Toronto garden suites bylaw receives green light
Toronto homeowners will now be able to build garden suites on their property after an appeal of the bylaw was dismissed by the Ontario Land Tribunal (OLT) this month.
The City of Toronto announced this week that its garden suites bylaw is now “in full force,” after the OLT disbanded the appeal on July 4th.
“This is good news and it will help get some more housing built. Garden suites are often a way to create homes for family members – parents, grandparents or adult children – or can be used as rental housing units,” said Mayor John Tory in a press release.
“The Garden Suites regulations approved earlier this year represent a ‘Made In Toronto’ solution with sensible regulations to protect neighbours, trees/greenspace and gentle density. Allowing garden suites across Toronto is a key step forward in expanding housing choice within the City’s neighbourhoods and creating a more inclusive and resilient city for current and future residents,” he added.
On February 2nd, Toronto City Council adopted the Garden Suites Bylaw and Official Plan Amendment to permit the construction of garden suites in most residential zones in the city. A garden suite is a type of small housing unit that is typically constructed in the backyard of an existing home but separate from the main house on the lot.
As Toronto is facing high demand for a variety of housing types across the affordability spectrum, garden suites are regarded as “one solution to increase housing choice and access for current and future Toronto residents,” according to the City.
Toronto’s garden suite bylaw was appealed shortly after its debut.
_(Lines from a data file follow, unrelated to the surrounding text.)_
(* Let $p/q$ be a rational number. For real $\varepsilon\neq0$ small, let $z_\varepsilon$ be a point of $\mathcal C_{p/q}(p/q+\varepsilon)$ and $Q_\varepsilon(w)=\frac{1}{z_\varepsilon}P_{p/q+\varepsilon}(z_\varepsilon w)$. Then $$Q_\varepsilon^{\circ q}(w)=w+2i\pi q\varepsilon\, w(1-w^q)+\varepsilon R_\varepsilon(w),$$ where $R_\varepsilon\to0$ uniformly on compact subsets of $\mathbb C$ as $\varepsilon\to0$.
   Context: $P_\alpha(z)=e^{2i\pi\alpha}z+z^2$. The cycle $\mathcal C_{p/q}(\alpha)$: with $\zeta=e^{2i\pi p/q}$ there is an analytic $\chi_{p/q}:B(0,q^{-3/q})\to\mathbb C$, $\chi_{p/q}(0)=0$, such that for $\delta\ne0$, $\chi_{p/q}(\delta)\neq0$ and $\{\chi_{p/q}(\zeta^k\delta)\}_{0\le k<q}$ is a cycle of period $q$ of $P_{p/q+\delta^q}$; $\mathcal C_{p/q}(\alpha)=\chi_{p/q}(\{\delta:\delta^q=\alpha-p/q\})$ for $|\alpha-p/q|<1/q^3$. *)

theory Defs
  imports "HOL-Analysis.Analysis"
begin

definition Pol :: "complex \<Rightarrow> complex \<Rightarrow> complex" where
  "Pol \<alpha> z = exp (2 * pi * \<i> * \<alpha>) * z + z ^ 2"

definition is_cycle :: "(complex \<Rightarrow> complex) \<Rightarrow> nat \<Rightarrow> complex set \<Rightarrow> bool" where
  "is_cycle f n S \<longleftrightarrow> (\<exists>z. S = {(f ^^ j) z | j. j < n} \<and> (f ^^ n) z = z \<and> card S = n)"

text \<open>The properties of the parametrization chi_{p/q} from the paper.\<close>
definition chi_admissible :: "int \<Rightarrow> nat \<Rightarrow> (complex \<Rightarrow> complex) \<Rightarrow> bool" where
  "chi_admissible p q chi \<longleftrightarrow>
     (let r = real q powr (- 3 / real q); \<zeta> = exp (2 * pi * \<i> * (of_int p / of_nat q)) in
      chi analytic_on ball 0 r \<and> chi 0 = 0 \<and>
      (\<forall>\<delta>\<in>ball 0 r. \<delta> \<noteq> 0 \<longrightarrow>
          chi \<delta> \<noteq> 0 \<and>
          is_cycle (Pol (of_int p / of_nat q + \<delta> ^ q)) q {chi (\<zeta> ^ k * \<delta>) | k. k < q}))"

definition cyc :: "int \<Rightarrow> nat \<Rightarrow> (complex \<Rightarrow> complex) \<Rightarrow> complex \<Rightarrow> complex set" where
  "cyc p q chi \<alpha> = chi ` {\<delta>. \<delta> ^ q = \<alpha> - of_int p / of_nat q}"

end

(*
  Write f_mu(u) = mu u + u^2, so that P_alpha = f_mu with mu = exp(2 pi i alpha), and let
  zeta = exp(2 pi i p/q), a primitive q-th root of unity. The iterate F = f_zeta^q commutes
  with f_zeta; if F(u) = u + u^(k+1) h(u) with h(0) <> 0, comparing the coefficients of
  u^(k+1) in F o f_zeta = f_zeta o F gives zeta^k = 1, hence q divides k and
  F(u) = u + u^(q+1) H(u) with H a polynomial. For mu near zeta this becomes
  f_mu^q(u) = mu^q u + u^(q+1) H(u) + (mu - zeta) u^2 K(mu, u) with K bounded.

  A point z of the cycle is chi(delta) with delta^q = epsilon, so z is a fixed point of
  f_mu^q with |z|^q = O(epsilon). Using f_mu^q(z) = z to eliminate H(z),
  f_mu^q(z w)/z - w - (mu^q - 1)(w - w^(q+1)) is O(epsilon |z|) uniformly for bounded w,
  and mu^q - 1 = 2 pi i q epsilon + o(epsilon).
*)
theory Submission
  imports Defs "HOL-Complex_Analysis.Cauchy_Integral_Formula"
begin

section \<open>Iterates of the quadratic family\<close>

definition quad :: "complex \<Rightarrow> complex \<Rightarrow> complex" where
  "quad \<mu> u = \<mu> * u + u ^ 2"

lemma Pol_eq_quad: "Pol \<alpha> = quad (exp (2 * pi * \<i> * \<alpha>))"
  by (simp add: fun_eq_iff Pol_def quad_def)

fun quad_tail :: "nat \<Rightarrow> complex \<Rightarrow> complex \<Rightarrow> complex" where
  "quad_tail 0 \<mu> u = 0"
| "quad_tail (Suc n) \<mu> u = \<mu> * quad_tail n \<mu> u + (\<mu> ^ n + u * quad_tail n \<mu> u) ^ 2"

lemma funpow_quad: "(quad \<mu> ^^ n) u = \<mu> ^ n * u + u ^ 2 * quad_tail n \<mu> u"
  by (induction n) (simp_all add: quad_def power2_eq_square algebra_simps)

fun quad_tail_slope :: "nat \<Rightarrow> complex \<Rightarrow> complex \<Rightarrow> complex \<Rightarrow> complex" where
  "quad_tail_slope 0 \<mu> \<nu> u = 0"
| "quad_tail_slope (Suc n) \<mu> \<nu> u = quad_tail n \<mu> u + \<nu> * quad_tail_slope n \<mu> \<nu> u
     + ((\<Sum>i<n. \<nu> ^ (n - Suc i) * \<mu> ^ i) + u * quad_tail_slope n \<mu> \<nu> u)
       * (\<mu> ^ n + \<nu> ^ n + u * (quad_tail n \<mu> u + quad_tail n \<nu> u))"

lemma quad_tail_diff: "quad_tail n \<mu> u - quad_tail n \<nu> u = (\<mu> - \<nu>) * quad_tail_slope n \<mu> \<nu> u"
proof (induction n)
  case (Suc n)
  define a b where "a = quad_tail n \<mu> u" and "b = quad_tail n \<nu> u"
  have "quad_tail (Suc n) \<mu> u - quad_tail (Suc n) \<nu> u
      = (\<mu> - \<nu>) * a + \<nu> * (a - b) + ((\<mu> ^ n - \<nu> ^ n) + u * (a - b)) * (\<mu> ^ n + \<nu> ^ n + u * (a + b))"
    by (simp add: a_def b_def power2_eq_square algebra_simps)
  also have "\<dots> = (\<mu> - \<nu>) * quad_tail_slope (Suc n) \<mu> \<nu> u"
    unfolding a_def b_def Suc power_diff_sumr2 by (simp add: algebra_simps)
  finally show ?case .
qed simp

lemma continuous_on_quad_tail [continuous_intros]:
  "continuous_on S f \<Longrightarrow> continuous_on S g \<Longrightarrow> continuous_on S (\<lambda>x. quad_tail n (f x) (g x))"
  by (induction n) (auto intro!: continuous_intros)

lemma continuous_on_quad_tail_slope [continuous_intros]:
  "continuous_on S f \<Longrightarrow> continuous_on S g \<Longrightarrow> continuous_on S (\<lambda>x. quad_tail_slope n (f x) \<nu> (g x))"
  by (induction n) (auto intro!: continuous_intros)

lemma quad_tail_slope_bounded:
  obtains M where "\<And>\<mu> u. norm \<mu> \<le> 1 \<Longrightarrow> norm u \<le> R \<Longrightarrow> norm (quad_tail_slope n \<mu> \<nu> u) \<le> M"
proof -
  have "continuous_on (cball 0 1 \<times> cball 0 R) (\<lambda>x. quad_tail_slope n (fst x) \<nu> (snd x))"
    by (intro continuous_intros)
  then have "bounded ((\<lambda>x. quad_tail_slope n (fst x) \<nu> (snd x)) ` (cball 0 1 \<times> cball 0 R))"
    by (intro compact_imp_bounded compact_continuous_image compact_Times compact_cball)
  then show ?thesis
    using that by (force simp: bounded_iff)
qed

lemma quad_tail_poly: "\<exists>P. quad_tail n \<mu> = poly P"
proof (induction n)
  case (Suc n)
  then obtain P where "quad_tail n \<mu> = poly P" by blast
  then have "quad_tail (Suc n) \<mu> = poly (smult \<mu> P + ([:\<mu> ^ n:] + [:0, 1:] * P) ^ 2)"
    by (simp add: fun_eq_iff)
  then show ?case by blast
qed (auto intro: exI[of _ 0])

lemma funpow_quad_perturbed:
  assumes "\<nu> ^ n = 1" "\<And>u. (quad \<nu> ^^ n) u = u + u ^ (n + 1) * H u"
  shows "(quad \<mu> ^^ n) u = \<mu> ^ n * u + u ^ (n + 1) * H u + (\<mu> - \<nu>) * u ^ 2 * quad_tail_slope n \<mu> \<nu> u"
proof -
  have "u ^ 2 * quad_tail n \<nu> u = u ^ (n + 1) * H u"
    using assms funpow_quad[where \<mu> = \<nu>] by simp
  moreover have "quad_tail n \<mu> u = quad_tail n \<nu> u + (\<mu> - \<nu>) * quad_tail_slope n \<mu> \<nu> u"
    using quad_tail_diff[where \<mu> = \<mu> and \<nu> = \<nu>] by (simp add: algebra_simps)
  ultimately show ?thesis
    by (simp add: funpow_quad distrib_left mult_ac)
qed

section \<open>The parabolic iterate at a root of unity\<close>

lemma isCont_eq_off_point:
  fixes f g :: "'a::{perfect_space,t2_space} \<Rightarrow> 'b::t2_space"
  assumes "isCont f a" "isCont g a" "\<And>x. x \<noteq> a \<Longrightarrow> f x = g x"
  shows "f a = g a"
proof -
  have "(f \<longlongrightarrow> g a) (at a)"
    using assms(2) unfolding isCont_def by (rule tendsto_cong[THEN iffD1, rotated]) (auto simp: eventually_at_filter assms(3))
  then show ?thesis
    using assms(1) unfolding isCont_def by (rule tendsto_unique[OF at_neq_bot, rotated])
qed

lemma commutes_with_quad_root_of_unity:
  fixes F h :: "complex \<Rightarrow> complex"
  assumes "\<zeta> \<noteq> 0" "isCont h 0" "h 0 \<noteq> 0"
    and F: "\<And>u. F u = u + u ^ Suc k * h u"
    and comm: "\<And>u. F (quad \<zeta> u) = quad \<zeta> (F u)"
  shows "\<zeta> ^ k = 1"
proof -
  have off_zero: "(\<zeta> + u) ^ Suc k * h (quad \<zeta> u) = h u * (\<zeta> + 2 * u + u ^ Suc k * h u)" if "u \<noteq> 0" for u
  proof -
    have quad_factor: "quad \<zeta> u = u * (\<zeta> + u)"
      by (simp add: quad_def power2_eq_square algebra_simps)
    have "u ^ Suc k * ((\<zeta> + u) ^ Suc k * h (quad \<zeta> u)) = quad \<zeta> u ^ Suc k * h (quad \<zeta> u)"
      unfolding quad_factor power_mult_distrib by (rule mult.assoc[symmetric])
    also have "\<dots> = F (quad \<zeta> u) - quad \<zeta> u"
      by (simp add: F)
    also have "\<dots> = quad \<zeta> (F u) - quad \<zeta> u"
      by (simp add: comm)
    also have "\<dots> = u ^ Suc k * (h u * (\<zeta> + 2 * u + u ^ Suc k * h u))"
      unfolding F quad_def by (simp add: power2_eq_square algebra_simps)
    finally show ?thesis
      by (rule mult_left_cancel[OF power_not_zero[OF that], THEN iffD1])
  qed
  have "isCont (\<lambda>u. h (quad \<zeta> u)) 0"
    by (rule isCont_o2[where g = h]) (simp_all add: quad_def assms(2))
  then have "isCont (\<lambda>u. (\<zeta> + u) ^ Suc k * h (quad \<zeta> u)) 0"
    by (rule isCont_mult[rotated]) simp
  moreover have "isCont (\<lambda>u. h u * (\<zeta> + 2 * u + u ^ Suc k * h u)) 0"
    using assms(2) by simp
  ultimately have "(\<lambda>u. (\<zeta> + u) ^ Suc k * h (quad \<zeta> u)) 0 = (\<lambda>u. h u * (\<zeta> + 2 * u + u ^ Suc k * h u)) 0"
    using off_zero by (rule isCont_eq_off_point)
  then have "\<zeta> * \<zeta> ^ k = \<zeta> * 1"
    using \<open>h 0 \<noteq> 0\<close> by (simp add: quad_def)
  then show ?thesis
    using \<open>\<zeta> \<noteq> 0\<close> by simp
qed

lemma exp_two_pi_i_rat_pow:
  fixes p :: int and q :: nat
  assumes "q > 0"
  shows "exp (2 * pi * \<i> * (of_int p / of_nat q + x)) ^ q = exp (2 * pi * \<i> * of_nat q * x)"
proof -
  have "exp (2 * pi * \<i> * (of_int p / of_nat q + x)) ^ q = exp (of_nat q * (2 * pi * \<i> * (of_int p / of_nat q + x)))"
    by (rule exp_of_nat_mult[symmetric])
  also have "of_nat q * (2 * pi * \<i> * (of_int p / of_nat q + x)) = (2 * of_int p * pi) * \<i> + 2 * pi * \<i> * of_nat q * x"
    using assms by (simp add: field_simps)
  also have "exp \<dots> = exp (2 * pi * \<i> * of_nat q * x)"
    by (simp only: exp_add exp_integer_2pi[OF Ints_of_int] mult_1)
  finally show ?thesis .
qed

lemma exp_two_pi_i_rat_pow_eq_1_imp_dvd:
  fixes p :: int and q m :: nat
  assumes "q > 0" "coprime p (int q)" "exp (2 * pi * \<i> * (of_int p / of_nat q)) ^ m = 1"
  shows "q dvd m"
proof -
  have "exp (2 * pi * \<i> * (of_nat m * of_int p / of_nat q)) = 1"
    using assms(3) by (simp only: exp_of_nat_mult[symmetric]) (simp add: mult_ac)
  then obtain n :: int where "2 * pi * (real m * of_int p / real q) = 2 * pi * of_int n"
    by (auto simp: exp_eq_1)
  then have "real m * of_int p / real q = of_int n"
    by (simp only: mult_cancel_left) simp
  then have "real_of_int (int m * p) = real_of_int (n * int q)"
    using assms(1) by (simp add: field_simps)
  then have "int q dvd int m * p"
    by (simp only: of_int_eq_iff dvd_triv_right)
  then show ?thesis
    using assms(2) by (metis coprime_commute coprime_dvd_mult_left_iff of_nat_dvd_iff)
qed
Building Better Neighbourhoods, an alliance of Toronto resident associations, launched a legal appeal of the City of Toronto’s decision to include multiplexes in its garden suite bylaw, citing that the City “over-reached Provincial regulations that limit garden suites to single detached, semi-detached, and townhouses,” according to the organisation in a statement issued on March 8th.
Construction permits for garden suites can now be given out. If a proposed garden unit meets height and setback criteria in addition to applicable bylaw standards, only a building permit application is required. In the case where a garden suite proposal doesn’t meet zoning bylaw requirements, applicants can seek a minor variance application at the Committee of Adjustment, the City stated in its press release.
Garden suites and other forms of housing being considered as part of the City’s Expanding Housing Options in Neighbourhoods (EHON) program, which reviews, consults on and advances permissions to allow additional forms of housing in Toronto’s low-rise neighbourhoods.
“Garden suites and other initiatives to expand housing options in low-rise neighbourhoods are key to creating a diverse mix of housing choice that is affordable and accommodates people at all stages of life, household size and income level,” said chair of the planning and housing committee, Deputy Mayor Ana Bailão. “The garden suites initiative will create gentle density increases where residents have access to parks, schools and main street businesses and restaurants."